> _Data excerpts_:

definition Bd :: "nat \<Rightarrow> nat \<Rightarrow> (nat \<Rightarrow> real) set" where
  "Bd M d = {b \<in> vecs M. (\<forall>i\<in>{1..d}. b i = 1) \<and> (\<forall>i\<in>{d+1..M}. b i \<le> 0)}"

definition s_eps :: "nat \<Rightarrow> real \<Rightarrow> nat \<Rightarrow> real" where
  "s_eps M \<epsilon> i = (if i \<in> {1..M} then \<epsilon> ^ (M - i) else 0)"

end

theory Submission
  imports Defs
begin

text \<open>For \<open>b \<in> B\<^sup>d\<close> let \<open>c\<close> be the buyer who values
  options \<open>1..d-1\<close> at 1, option \<open>d\<close> at 0 and all later options at a huge negative \<open>-L\<close>.
  Buyer DSIC gives \<open>V(b) \<ge> V(c) + r\<^sub>d(c,s\<^sup>\<epsilon>)\<close> for the buyer values \<open>V\<close>, and \<open>c \<in> B\<^sup>d\<^sup>-\<^sup>1\<close>,
  so the claim follows by induction once \<open>r\<^sub>d(c,s\<^sup>\<epsilon>) \<ge> \<alpha> - 3\<epsilon>/2\<close>.
  For that, if the seller reported instead that only option \<open>d\<close> is acceptable, the
  competitive ratio would force mass \<open>\<ge> \<alpha>\<close> on \<open>d\<close>; seller DSIC turns this into
  seller value \<open>\<ge> \<alpha> \<epsilon>\<^sup>M\<^sup>-\<^sup>d\<close> at \<open>(c,s\<^sup>\<epsilon>)\<close>. Options before \<open>d\<close> are worth at most
  \<open>\<epsilon>\<^sup>M\<^sup>-\<^sup>d\<^sup>+\<^sup>1\<close> to the seller, and options after \<open>d\<close> get tiny mass because \<open>-L\<close> would
  otherwise destroy the gain; hence most of the seller value must come from option \<open>d\<close>.\<close>

definition buyer_value :: "nat \<Rightarrow> mechanism \<Rightarrow> (nat \<Rightarrow> real) \<Rightarrow> (nat \<Rightarrow> real) \<Rightarrow> real" where
  "buyer_value M r b s = (\<Sum>i=1..M. r b s i * b i)"

definition seller_value :: "nat \<Rightarrow> mechanism \<Rightarrow> (nat \<Rightarrow> real) \<Rightarrow> (nat \<Rightarrow> real) \<Rightarrow> real" where
  "seller_value M r b s = (\<Sum>i=1..M. r b s i * s i)"

definition cut_buyer :: "nat \<Rightarrow> nat \<Rightarrow> real \<Rightarrow> nat \<Rightarrow> real" where
  "cut_buyer M d L i = (if i \<in> {1..M} then if i < d then 1 else if i = d then 0 else - L else 0)"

> _Task requirements_:
Read through the entries, then copy every line where the string "alpha" is found.

> _Written response_:
  so the claim follows by induction once \<open>r\<^sub>d(c,s\<^sup>\<epsilon>) \<ge> \<alpha> - 3\<epsilon>/2\<close>.
  competitive ratio would force mass \<open>\<ge> \<alpha>\<close> on \<open>d\<close>; seller DSIC turns this into
  seller value \<open>\<ge> \<alpha> \<epsilon>\<^sup>M\<^sup>-\<^sup>d\<close> at \<open>(c,s\<^sup>\<epsilon>)\<close>. Options before \<open>d\<close> are worth at most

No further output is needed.